- **Task description**: What is needed here is every line of the records that includes "positive".
───── Data provided
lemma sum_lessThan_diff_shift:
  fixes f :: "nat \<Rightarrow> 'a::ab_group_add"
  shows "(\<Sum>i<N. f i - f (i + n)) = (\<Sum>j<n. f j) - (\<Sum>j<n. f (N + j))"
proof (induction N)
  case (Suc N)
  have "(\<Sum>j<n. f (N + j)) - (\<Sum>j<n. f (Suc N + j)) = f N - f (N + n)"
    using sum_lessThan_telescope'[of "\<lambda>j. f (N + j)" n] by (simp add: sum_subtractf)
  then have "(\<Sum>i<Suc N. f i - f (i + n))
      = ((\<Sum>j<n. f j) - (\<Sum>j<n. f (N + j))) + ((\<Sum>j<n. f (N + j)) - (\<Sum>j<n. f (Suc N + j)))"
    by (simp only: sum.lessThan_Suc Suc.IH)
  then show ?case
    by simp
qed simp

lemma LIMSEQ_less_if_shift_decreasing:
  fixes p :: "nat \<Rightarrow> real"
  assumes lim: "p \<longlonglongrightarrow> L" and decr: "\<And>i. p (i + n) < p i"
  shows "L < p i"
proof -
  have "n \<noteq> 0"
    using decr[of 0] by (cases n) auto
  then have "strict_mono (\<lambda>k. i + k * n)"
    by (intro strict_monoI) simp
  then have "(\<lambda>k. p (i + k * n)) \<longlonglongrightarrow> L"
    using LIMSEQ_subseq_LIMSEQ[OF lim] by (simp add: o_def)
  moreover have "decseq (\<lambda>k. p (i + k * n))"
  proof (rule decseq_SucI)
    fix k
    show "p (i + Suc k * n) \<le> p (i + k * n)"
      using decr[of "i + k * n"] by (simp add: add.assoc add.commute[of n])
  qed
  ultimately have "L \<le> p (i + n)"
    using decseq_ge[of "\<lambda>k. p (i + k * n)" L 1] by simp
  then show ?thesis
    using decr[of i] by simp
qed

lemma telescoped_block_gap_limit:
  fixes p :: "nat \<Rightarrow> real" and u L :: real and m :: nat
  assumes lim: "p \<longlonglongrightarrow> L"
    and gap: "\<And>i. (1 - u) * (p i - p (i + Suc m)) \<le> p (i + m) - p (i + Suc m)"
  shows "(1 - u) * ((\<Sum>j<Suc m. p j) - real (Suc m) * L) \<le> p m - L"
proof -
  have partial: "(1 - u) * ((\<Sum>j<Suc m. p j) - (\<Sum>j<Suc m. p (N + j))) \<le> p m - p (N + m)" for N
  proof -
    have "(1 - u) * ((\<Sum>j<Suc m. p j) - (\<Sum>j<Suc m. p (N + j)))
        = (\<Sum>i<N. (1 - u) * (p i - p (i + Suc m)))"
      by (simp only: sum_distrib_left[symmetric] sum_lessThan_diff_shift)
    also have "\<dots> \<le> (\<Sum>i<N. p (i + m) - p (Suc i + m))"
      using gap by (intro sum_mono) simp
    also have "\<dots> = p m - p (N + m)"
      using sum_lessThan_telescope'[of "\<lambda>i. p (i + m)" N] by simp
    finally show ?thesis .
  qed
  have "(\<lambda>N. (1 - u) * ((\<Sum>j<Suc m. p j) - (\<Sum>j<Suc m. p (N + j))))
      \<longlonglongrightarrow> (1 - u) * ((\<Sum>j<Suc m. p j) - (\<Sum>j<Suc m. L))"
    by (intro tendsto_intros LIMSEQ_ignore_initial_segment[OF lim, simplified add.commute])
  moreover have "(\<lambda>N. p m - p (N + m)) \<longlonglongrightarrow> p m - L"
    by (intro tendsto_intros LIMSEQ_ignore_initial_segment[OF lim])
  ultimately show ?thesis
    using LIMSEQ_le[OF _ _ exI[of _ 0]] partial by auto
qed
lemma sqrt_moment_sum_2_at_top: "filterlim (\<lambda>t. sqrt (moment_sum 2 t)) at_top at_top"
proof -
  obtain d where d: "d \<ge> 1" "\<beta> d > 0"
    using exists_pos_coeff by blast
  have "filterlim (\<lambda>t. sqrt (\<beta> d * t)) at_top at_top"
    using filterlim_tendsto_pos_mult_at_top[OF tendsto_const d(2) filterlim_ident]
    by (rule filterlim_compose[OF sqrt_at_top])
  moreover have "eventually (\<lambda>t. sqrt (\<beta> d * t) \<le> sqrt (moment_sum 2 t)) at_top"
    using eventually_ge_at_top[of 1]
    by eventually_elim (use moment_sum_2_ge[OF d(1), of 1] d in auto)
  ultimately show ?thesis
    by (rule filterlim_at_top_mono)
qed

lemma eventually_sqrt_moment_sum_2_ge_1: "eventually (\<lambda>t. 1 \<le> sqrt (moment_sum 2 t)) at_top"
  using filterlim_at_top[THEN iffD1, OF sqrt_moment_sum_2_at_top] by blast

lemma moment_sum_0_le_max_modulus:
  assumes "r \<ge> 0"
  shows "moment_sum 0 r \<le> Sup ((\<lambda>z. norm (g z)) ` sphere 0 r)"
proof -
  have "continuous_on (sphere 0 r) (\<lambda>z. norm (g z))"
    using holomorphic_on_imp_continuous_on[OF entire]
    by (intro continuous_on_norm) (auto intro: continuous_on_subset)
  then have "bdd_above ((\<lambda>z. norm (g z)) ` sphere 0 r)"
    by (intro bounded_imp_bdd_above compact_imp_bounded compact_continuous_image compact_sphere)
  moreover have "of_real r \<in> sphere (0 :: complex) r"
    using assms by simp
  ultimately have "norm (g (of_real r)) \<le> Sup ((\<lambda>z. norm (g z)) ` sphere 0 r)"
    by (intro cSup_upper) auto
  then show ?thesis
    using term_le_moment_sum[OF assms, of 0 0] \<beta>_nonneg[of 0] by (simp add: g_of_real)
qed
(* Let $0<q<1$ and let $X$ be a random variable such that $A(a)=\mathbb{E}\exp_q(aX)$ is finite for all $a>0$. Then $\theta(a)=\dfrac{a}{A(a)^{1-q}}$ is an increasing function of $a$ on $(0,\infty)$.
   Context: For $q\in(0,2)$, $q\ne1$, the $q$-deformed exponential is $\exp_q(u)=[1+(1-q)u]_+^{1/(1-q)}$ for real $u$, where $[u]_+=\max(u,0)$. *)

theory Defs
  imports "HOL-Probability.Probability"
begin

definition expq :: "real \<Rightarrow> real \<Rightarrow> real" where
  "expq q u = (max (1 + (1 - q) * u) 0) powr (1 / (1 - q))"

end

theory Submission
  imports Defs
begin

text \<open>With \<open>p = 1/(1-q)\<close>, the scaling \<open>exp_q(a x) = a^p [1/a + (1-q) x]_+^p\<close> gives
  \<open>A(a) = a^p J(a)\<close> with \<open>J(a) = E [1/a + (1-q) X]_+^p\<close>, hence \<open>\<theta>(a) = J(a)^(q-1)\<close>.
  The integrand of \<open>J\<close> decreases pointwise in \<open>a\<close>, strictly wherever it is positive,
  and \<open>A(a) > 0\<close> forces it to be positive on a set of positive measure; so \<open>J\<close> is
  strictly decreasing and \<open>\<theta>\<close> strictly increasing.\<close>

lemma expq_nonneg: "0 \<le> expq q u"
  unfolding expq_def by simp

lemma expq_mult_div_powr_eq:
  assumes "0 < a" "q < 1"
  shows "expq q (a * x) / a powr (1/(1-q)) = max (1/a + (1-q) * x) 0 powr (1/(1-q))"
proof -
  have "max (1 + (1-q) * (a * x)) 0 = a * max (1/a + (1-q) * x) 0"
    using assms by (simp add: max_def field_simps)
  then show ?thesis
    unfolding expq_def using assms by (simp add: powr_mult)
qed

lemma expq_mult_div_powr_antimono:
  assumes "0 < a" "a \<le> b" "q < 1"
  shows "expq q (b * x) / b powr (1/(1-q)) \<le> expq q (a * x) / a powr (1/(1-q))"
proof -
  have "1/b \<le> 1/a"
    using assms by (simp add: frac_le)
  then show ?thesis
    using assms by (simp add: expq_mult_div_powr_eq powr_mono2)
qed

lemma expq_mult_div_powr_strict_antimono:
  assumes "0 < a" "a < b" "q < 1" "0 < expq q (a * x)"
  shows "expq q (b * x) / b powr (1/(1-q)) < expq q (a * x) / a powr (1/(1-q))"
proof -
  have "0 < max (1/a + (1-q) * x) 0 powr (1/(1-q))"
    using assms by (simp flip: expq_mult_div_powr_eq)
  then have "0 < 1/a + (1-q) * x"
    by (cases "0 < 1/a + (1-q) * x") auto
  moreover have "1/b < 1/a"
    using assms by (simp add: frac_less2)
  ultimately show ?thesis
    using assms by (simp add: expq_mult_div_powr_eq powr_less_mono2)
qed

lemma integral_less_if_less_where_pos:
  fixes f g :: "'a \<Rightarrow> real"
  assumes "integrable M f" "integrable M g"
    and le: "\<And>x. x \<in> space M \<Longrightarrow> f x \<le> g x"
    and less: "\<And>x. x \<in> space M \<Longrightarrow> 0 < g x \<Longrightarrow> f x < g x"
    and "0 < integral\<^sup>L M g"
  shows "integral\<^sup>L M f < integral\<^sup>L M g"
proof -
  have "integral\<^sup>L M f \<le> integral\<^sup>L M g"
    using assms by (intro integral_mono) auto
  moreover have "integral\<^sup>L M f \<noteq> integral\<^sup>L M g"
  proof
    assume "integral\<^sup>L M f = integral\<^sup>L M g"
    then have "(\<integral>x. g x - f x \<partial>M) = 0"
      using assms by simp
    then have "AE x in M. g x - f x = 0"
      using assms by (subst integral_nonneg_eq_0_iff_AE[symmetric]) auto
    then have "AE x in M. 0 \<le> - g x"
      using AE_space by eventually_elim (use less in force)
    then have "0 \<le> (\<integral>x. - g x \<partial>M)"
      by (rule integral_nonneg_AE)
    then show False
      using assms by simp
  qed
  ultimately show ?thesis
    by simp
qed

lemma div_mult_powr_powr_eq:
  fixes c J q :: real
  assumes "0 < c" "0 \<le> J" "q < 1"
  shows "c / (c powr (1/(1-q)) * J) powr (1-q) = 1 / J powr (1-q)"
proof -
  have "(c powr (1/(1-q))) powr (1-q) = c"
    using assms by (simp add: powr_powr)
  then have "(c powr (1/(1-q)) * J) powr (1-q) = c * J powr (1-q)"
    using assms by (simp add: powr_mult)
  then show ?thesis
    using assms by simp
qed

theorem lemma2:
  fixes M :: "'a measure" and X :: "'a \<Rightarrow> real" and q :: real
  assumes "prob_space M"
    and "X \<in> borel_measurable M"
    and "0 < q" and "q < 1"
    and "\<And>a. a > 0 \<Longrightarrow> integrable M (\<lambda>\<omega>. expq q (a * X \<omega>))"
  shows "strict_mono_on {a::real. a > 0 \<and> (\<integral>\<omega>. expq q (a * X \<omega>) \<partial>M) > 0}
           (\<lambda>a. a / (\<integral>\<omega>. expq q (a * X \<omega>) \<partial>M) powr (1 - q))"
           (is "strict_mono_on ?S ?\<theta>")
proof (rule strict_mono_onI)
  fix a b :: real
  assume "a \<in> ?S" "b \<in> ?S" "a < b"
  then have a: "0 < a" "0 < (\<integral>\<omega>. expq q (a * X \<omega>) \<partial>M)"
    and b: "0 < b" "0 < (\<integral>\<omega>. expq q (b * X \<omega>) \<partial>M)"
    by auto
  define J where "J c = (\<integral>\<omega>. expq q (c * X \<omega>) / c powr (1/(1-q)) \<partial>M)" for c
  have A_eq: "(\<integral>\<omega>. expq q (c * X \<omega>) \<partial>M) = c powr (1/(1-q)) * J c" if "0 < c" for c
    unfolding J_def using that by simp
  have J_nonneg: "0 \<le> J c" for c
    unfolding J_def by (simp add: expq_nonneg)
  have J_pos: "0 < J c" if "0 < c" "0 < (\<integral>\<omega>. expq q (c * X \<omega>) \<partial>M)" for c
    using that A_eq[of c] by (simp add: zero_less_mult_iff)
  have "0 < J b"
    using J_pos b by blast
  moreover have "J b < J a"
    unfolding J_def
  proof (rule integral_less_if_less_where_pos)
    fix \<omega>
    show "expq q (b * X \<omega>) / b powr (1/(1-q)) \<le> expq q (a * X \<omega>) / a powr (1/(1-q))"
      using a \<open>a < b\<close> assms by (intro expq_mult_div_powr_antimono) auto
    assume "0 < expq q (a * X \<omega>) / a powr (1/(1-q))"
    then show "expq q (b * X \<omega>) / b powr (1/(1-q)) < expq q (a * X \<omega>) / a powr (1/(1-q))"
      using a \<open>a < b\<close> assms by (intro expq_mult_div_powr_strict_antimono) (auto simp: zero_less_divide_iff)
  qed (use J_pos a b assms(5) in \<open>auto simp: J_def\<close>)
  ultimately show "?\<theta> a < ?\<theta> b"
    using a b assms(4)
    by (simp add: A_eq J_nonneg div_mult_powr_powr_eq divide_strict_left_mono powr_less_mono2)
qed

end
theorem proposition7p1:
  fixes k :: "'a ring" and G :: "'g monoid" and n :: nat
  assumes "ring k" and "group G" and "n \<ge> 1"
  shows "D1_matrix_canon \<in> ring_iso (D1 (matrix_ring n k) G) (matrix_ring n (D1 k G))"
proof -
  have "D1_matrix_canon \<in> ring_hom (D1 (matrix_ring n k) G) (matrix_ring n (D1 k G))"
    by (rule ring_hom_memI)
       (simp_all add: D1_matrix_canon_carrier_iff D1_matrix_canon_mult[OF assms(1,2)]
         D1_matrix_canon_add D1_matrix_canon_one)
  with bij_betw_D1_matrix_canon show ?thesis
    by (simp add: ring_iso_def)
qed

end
──────────
- **Result below**:
  The integrand of \<open>J\<close> decreases pointwise in \<open>a\<close>, strictly wherever it is positive,
  and \<open>A(a) > 0\<close> forces it to be positive on a set of positive measure; so \<open>J\<close> is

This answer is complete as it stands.